#### THE TASK:
The required output is the line that contains "using assms(1)" and every line after it, each written out exactly, up to the end of the entries.

___ WORKING DATA ___

text \<open>
  Given the free/adsorbed path \<open>Z\<^sub>1, ..., Z\<^sub>n\<close>, \<open>S(n)\<close> is the endpoint of a walk of \<open>K\<^sub>n\<close>
  independent steps \<open>(X\<^sub>k + 1, Y\<^sub>k)\<close>, which are \<open>(2,0), (0,0), (1,1), (1,-1)\<close> with
  probabilities \<open>\<alpha>, \<alpha>, \<beta>, \<beta>\<close>. Hence \<open>P(S(n) = (x,y)) = \<Sum>\<^sub>k f\<^sub>n(k) W\<^sub>k(x,y)\<close>, where
  \<open>W\<^sub>k(x,y)\<close> is the probability that \<open>k\<close> such steps end at \<open>(x,y)\<close>. A step sequence using
  \<open>p, q, u, v\<close> steps of the four kinds ends at \<open>(2p + u + v, u - v)\<close>, has probability
  \<open>\<alpha>^(p + q) \<beta>^(u + v)\<close>, and there are \<open>k!/(p! q! u! v!)\<close> of them. As \<open>x - y = 2(p + v)\<close>,
  nothing is reached when \<open>x - y\<close> is odd; otherwise \<open>k\<close> and the endpoint determine
  \<open>q, u, v\<close> from \<open>j = p\<close>, which gives the inner sum, and that sum is empty when \<open>2k < x\<close>.
\<close>

definition unit_steps :: "(int \<times> int) set" where
  "unit_steps = {(1, 0), (-1, 0), (0, 1), (0, -1)}"

definition step_lists :: "nat \<Rightarrow> (int \<times> int) list set" where
  "step_lists k = {vs. set vs \<subseteq> unit_steps \<and> length vs = k}"

definition walk_weight :: "real \<Rightarrow> real \<Rightarrow> (int \<times> int) list \<Rightarrow> real" where
  "walk_weight \<alpha> \<beta> vs = (\<Prod>v\<leftarrow>vs. step_prob \<alpha> \<beta> v)"

definition walk_end :: "(int \<times> int) list \<Rightarrow> int \<times> int" where
  "walk_end vs = ((\<Sum>v\<leftarrow>vs. fst v + 1), (\<Sum>v\<leftarrow>vs. snd v))"

definition endpoint_prob :: "real \<Rightarrow> real \<Rightarrow> nat \<Rightarrow> int \<times> int \<Rightarrow> real" where
  "endpoint_prob \<alpha> \<beta> k z = (\<Sum>vs \<in> {vs \<in> step_lists k. walk_end vs = z}. walk_weight \<alpha> \<beta> vs)"

definition step_counts :: "(int \<times> int) list \<Rightarrow> nat \<times> nat \<times> nat \<times> nat" where
  "step_counts vs =
     (count_list vs (1, 0), count_list vs (-1, 0), count_list vs (0, 1), count_list vs (0, -1))"

definition steps_mset :: "nat \<Rightarrow> nat \<Rightarrow> nat \<Rightarrow> nat \<Rightarrow> (int \<times> int) multiset" where
  "steps_mset p q u v = replicate_mset p (1, 0) + replicate_mset q (-1, 0)
     + replicate_mset u (0, 1) + replicate_mset v (0, -1)"

lemma finite_step_lists: "finite (step_lists k)"
  unfolding step_lists_def by (rule finite_lists_length_eq) (simp add: unit_steps_def)

lemma sum_walk_weight_step_lists:
  assumes "\<alpha> + \<beta> = 1/2"
  shows "(\<Sum>vs \<in> step_lists k. walk_weight \<alpha> \<beta> vs) = 1"
proof (induction k)
  case 0
  have "step_lists 0 = {[]}" by (auto simp: step_lists_def)
  then show ?case by (simp add: walk_weight_def)
next
  case (Suc k)
  have "(\<Sum>vs \<in> step_lists (Suc k). walk_weight \<alpha> \<beta> vs)
      = (\<Sum>(vs, v) \<in> step_lists k \<times> unit_steps. step_prob \<alpha> \<beta> v * walk_weight \<alpha> \<beta> vs)"
    unfolding step_lists_def lists_length_Suc_eq
    by (subst sum.reindex) (auto simp: inj_on_def walk_weight_def case_prod_beta)
  also have "\<dots> = (\<Sum>v \<in> unit_steps. step_prob \<alpha> \<beta> v) * (\<Sum>vs \<in> step_lists k. walk_weight \<alpha> \<beta> vs)"
    by (simp add: sum.cartesian_product[symmetric] sum_product sum.swap[of _ unit_steps])
  finally show ?case
    using Suc assms by (simp add: unit_steps_def step_prob_def)
qed

lemma step_list_statistics:
  assumes "set vs \<subseteq> unit_steps" and "step_counts vs = (p, q, u, v)"
  shows "length vs = p + q + u + v"
    and "walk_weight \<alpha> \<beta> vs = \<alpha> ^ (p + q) * \<beta> ^ (u + v)"
    and "walk_end vs = (2 * int p + int u + int v, int u - int v)"
proof -
  let ?c = "count_list vs"
  have "length vs = ?c (1, 0) + ?c (-1, 0) + ?c (0, 1) + ?c (0, -1) \<and>
      walk_weight \<alpha> \<beta> vs = \<alpha> ^ (?c (1, 0) + ?c (-1, 0)) * \<beta> ^ (?c (0, 1) + ?c (0, -1)) \<and>
      walk_end vs = (2 * int (?c (1, 0)) + int (?c (0, 1)) + int (?c (0, -1)), int (?c (0, 1)) - int (?c (0, -1)))"
    using assms(1)
  proof (induction vs)
    case Nil
    then show ?case
      by (simp add: walk_weight_def walk_end_def)
  next
    case (Cons d vs)
    then consider "d = (1, 0)" | "d = (-1, 0)" | "d = (0, 1)" | "d = (0, -1)"
      by (auto simp: unit_steps_def)
    then show ?case
      using Cons by cases (simp_all add: walk_weight_def walk_end_def step_prob_def)
  qed
  with assms(2) show "length vs = p + q + u + v" "walk_weight \<alpha> \<beta> vs = \<alpha> ^ (p + q) * \<beta> ^ (u + v)"
    "walk_end vs = (2 * int p + int u + int v, int u - int v)"
    by (simp_all add: step_counts_def)
qed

___

#### EXERCISE ANSWER:
    using assms(1)
  proof (induction vs)
    case Nil
    then show ?case
      by (simp add: walk_weight_def walk_end_def)
  next
    case (Cons d vs)
    then consider "d = (1, 0)" | "d = (-1, 0)" | "d = (0, 1)" | "d = (0, -1)"
      by (auto simp: unit_steps_def)
    then show ?case
      using Cons by cases (simp_all add: walk_weight_def walk_end_def step_prob_def)
  qed
  with assms(2) show "length vs = p + q + u + v" "walk_weight \<alpha> \<beta> vs = \<alpha> ^ (p + q) * \<beta> ^ (u + v)"
    "walk_end vs = (2 * int p + int u + int v, int u - int v)"
    by (simp_all add: step_counts_def)
qed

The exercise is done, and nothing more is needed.